Directions for this task: Within the records below is a range that opens at the line with "b, b \<circ>" and closes at the line with "thus ?thesis using". Return that range word for word, both ends included, and only that range.

━━━━━ Material for this task

text \<open>Standard (prefix-free, injective) binary representation sigma_T of an FST.\<close>
definition enc_nat :: "nat \<Rightarrow> bool list" where
  "enc_nat n = replicate n True @ [False]"

definition enc_bits :: "bool list \<Rightarrow> bool list" where
  "enc_bits w = concat (map (\<lambda>b. [True, b]) w) @ [False]"

definition enc_entry :: "nat \<times> nat \<times> bool list \<times> bool list \<Rightarrow> bool list" where
  "enc_entry e = (case e of (a, b, u, v) \<Rightarrow> enc_nat a @ enc_nat b @ enc_bits u @ enc_bits v)"

definition sigma :: "fst \<Rightarrow> bool list" where
  "sigma T = enc_nat (nstates T) @ enc_nat (start T) @ concat (map enc_entry (trans T))"

definition fst_size :: "fst \<Rightarrow> nat" where
  "fst_size T = length (sigma T)"

definition FS :: "nat \<Rightarrow> bool list \<Rightarrow> enat" where
  "FS k x = (INF p\<in>{p. \<exists>T. wf_fst T \<and> fst_size T \<le> k \<and> fst_out T p = x}. enat (length p))"

definition fs_deep :: "(nat \<Rightarrow> bool) \<Rightarrow> bool" where
  "fs_deep S \<longleftrightarrow> (\<exists>\<alpha>::real>0. \<forall>k. \<exists>k'. \<exists>\<^sub>\<infinity>n.
     ereal_of_enat (FS k' (seq_prefix S n)) + ereal (\<alpha> * real n) \<le> ereal_of_enat (FS k (seq_prefix S n)))"

end

theory Submission
  imports Defs "HOL-Library.Sublist" "HOL-Library.Infinite_Set"
begin
lemma riemann_sum_derivative_estimate:
  fixes \<Phi> \<phi> :: "real \<Rightarrow> real"
  assumes D: "D tagged_division_of {p..q}" and "p \<le> q" and "\<epsilon> \<ge> 0"
    and fine: "(\<lambda>t. ball t (r t)) fine D"
    and approx: "\<And>t y. t \<in> {p..q} - N \<Longrightarrow> y \<in> {p..q} \<Longrightarrow> \<bar>y - t\<bar> < r t \<Longrightarrow>
      \<bar>\<Phi> y - \<Phi> t - (y - t) * \<phi> t\<bar> \<le> \<epsilon> * \<bar>y - t\<bar>"
  defines "T \<equiv> {z \<in> D. fst z \<in> N \<and> content (snd z) \<noteq> 0}"
  shows "\<bar>(\<Sum>(x, K)\<in>D. content K * (if x \<in> N then 0 else \<phi> x)) - (\<Phi> q - \<Phi> p)\<bar>
    \<le> \<epsilon> * (q - p) + (\<Sum>(x, K)\<in>T. \<bar>\<Phi> (Sup K) - \<Phi> (Inf K)\<bar>)"
proof -
  have tag: "\<bar>content K * (if x \<in> N then 0 else \<phi> x) - (\<Phi> (Sup K) - \<Phi> (Inf K))\<bar>
      \<le> \<epsilon> * content K + (if (x, K) \<in> T then \<bar>\<Phi> (Sup K) - \<Phi> (Inf K)\<bar> else 0)"
    if xK: "(x, K) \<in> D" for x K
  proof -
    note K = tagged_division_of_Icc_memD[OF D xK]
    have content: "content K = Sup K - Inf K"
      using content_real[of "Inf K" "Sup K"] K(2,3) by (simp only: K(1)[symmetric])
    show ?thesis
    proof (cases "x \<in> N")
      case False
      from K(2,3) have "Inf K \<in> {Inf K..Sup K}" "Sup K \<in> {Inf K..Sup K}" by auto
      then have "Inf K \<in> K" "Sup K \<in> K" by (simp_all only: K(1)[symmetric])
      then have "Inf K \<in> ball x (r x)" "Sup K \<in> ball x (r x)"
        using fineD[OF fine xK] by auto
      then have "\<bar>(Sup K - Inf K) * \<phi> x - (\<Phi> (Sup K) - \<Phi> (Inf K))\<bar> \<le> \<epsilon> * (Sup K - Inf K)"
        using K False
        by (intro straddle_estimate[where t = x] approx) (auto simp: dist_real_def abs_minus_commute)
      then show ?thesis using False content by (simp add: T_def)
    next
      case True
      then show ?thesis
        using content K(2,3) xK \<open>\<epsilon> \<ge> 0\<close> by (auto simp: T_def abs_minus_commute)
    qed
  qed
  have "(\<Sum>(x, K)\<in>D. \<Phi> (Sup K) - \<Phi> (Inf K)) = \<Phi> q - \<Phi> p"
    by (rule additive_tagged_division_1[OF \<open>p \<le> q\<close> D])
  then have "\<bar>(\<Sum>(x, K)\<in>D. content K * (if x \<in> N then 0 else \<phi> x)) - (\<Phi> q - \<Phi> p)\<bar>
      = \<bar>\<Sum>(x, K)\<in>D. content K * (if x \<in> N then 0 else \<phi> x) - (\<Phi> (Sup K) - \<Phi> (Inf K))\<bar>"
    by (simp add: sum_subtractf split_beta)
  also have "\<dots> \<le> (\<Sum>(x, K)\<in>D. \<epsilon> * content K
      + (if (x, K) \<in> T then \<bar>\<Phi> (Sup K) - \<Phi> (Inf K)\<bar> else 0))"
    by (rule order_trans[OF sum_abs sum_mono]) (use tag in auto)
  also have "\<dots> = \<epsilon> * (q - p) + (\<Sum>(x, K)\<in>T. \<bar>\<Phi> (Sup K) - \<Phi> (Inf K)\<bar>)"
    using additive_content_tagged_division[of D p q] D tagged_division_ofD(1)[OF D] \<open>p \<le> q\<close>
    by (simp add: sum.distrib sum_distrib_left[symmetric] sum.If_cases split_beta T_def Int_def box_real)
  finally show ?thesis .
qed
lemma flip_hom: "flip n \<in> hom (integer_mod_group 2) (AutoGroup (alt_sym n))"
proof (rule homI)
  fix k assume "k \<in> carrier (integer_mod_group 2)"
  thus "flip n k \<in> carrier (AutoGroup (alt_sym n))"
    using flip_auto by (simp add: integer_mod_group_2_carrier AutoGroup_def)
next
  fix k l assume "k \<in> carrier (integer_mod_group 2)" "l \<in> carrier (integer_mod_group 2)"
  hence kl: "k \<in> {0, 1}" "l \<in> {0, 1}" by (simp_all add: integer_mod_group_2_carrier)
  hence "flip n k \<in> Bij (carrier (alt_sym n))" "flip n l \<in> Bij (carrier (alt_sym n))"
    using flip_auto by (auto simp: auto_def)
  hence mult: "flip n k \<otimes>\<^bsub>AutoGroup (alt_sym n)\<^esub> flip n l = compose (carrier (alt_sym n)) (flip n k) (flip n l)"
    by (simp add: AutoGroup_def BijGroup_def)
  have "flip n ((k + l) mod 2) q = compose (carrier (alt_sym n)) (flip n k) (flip n l) q" for q
  proof (cases "q \<in> carrier (alt_sym n)")
    case True
    then obtain b t where q: "q = (b, t)" "b \<in> Alt n" "t \<in> Sym n" by (auto simp: alt_sym_carrier)
    hence "(inv' b, b \<circ> t) \<in> carrier (alt_sym n)"
      using alt_group_inv_closed sym_comp alt_in_sym by (auto simp: alt_sym_carrier)
    thus ?thesis using kl True q alt_bij sym_bij by (auto simp: flip_def compose_def bij_comp_simps)
  qed (simp add: flip_def compose_def)
  thus "flip n (k \<otimes>\<^bsub>integer_mod_group 2\<^esub> l) = flip n k \<otimes>\<^bsub>AutoGroup (alt_sym n)\<^esub> flip n l"
    using mult by auto
qed

definition Gamma_alt :: "nat \<Rightarrow> (((nat \<Rightarrow> nat) \<times> (nat \<Rightarrow> nat)) \<times> int) set"
  where "Gamma_alt n = {((a, id), 0) | a. a \<in> Alt n}"
definition Gamma_sym :: "nat \<Rightarrow> (((nat \<Rightarrow> nat) \<times> (nat \<Rightarrow> nat)) \<times> int) set"
  where "Gamma_sym n = {((id, s), 0) | s. s \<in> Sym n}"
definition Gamma_alt_sym :: "nat \<Rightarrow> (((nat \<Rightarrow> nat) \<times> (nat \<Rightarrow> nat)) \<times> int) set"
  where "Gamma_alt_sym n = carrier (alt_sym n) \<times> {0}"
definition Gamma_flip :: "(((nat \<Rightarrow> nat) \<times> (nat \<Rightarrow> nat)) \<times> int) set"
  where "Gamma_flip = {((id, id), 0), ((id, id), 1)}"

lemma id_in_Alt: "id \<in> Alt n" by (simp add: alt_group_carrier)
lemma id_in_Sym: "id \<in> Sym n" by (simp add: sym_group_carrier)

━━━━━━━━━━

Worked solution:
    hence "(inv' b, b \<circ> t) \<in> carrier (alt_sym n)"
      using alt_group_inv_closed sym_comp alt_in_sym by (auto simp: alt_sym_carrier)
    thus ?thesis using kl True q alt_bij sym_bij by (auto simp: flip_def compose_def bij_comp_simps)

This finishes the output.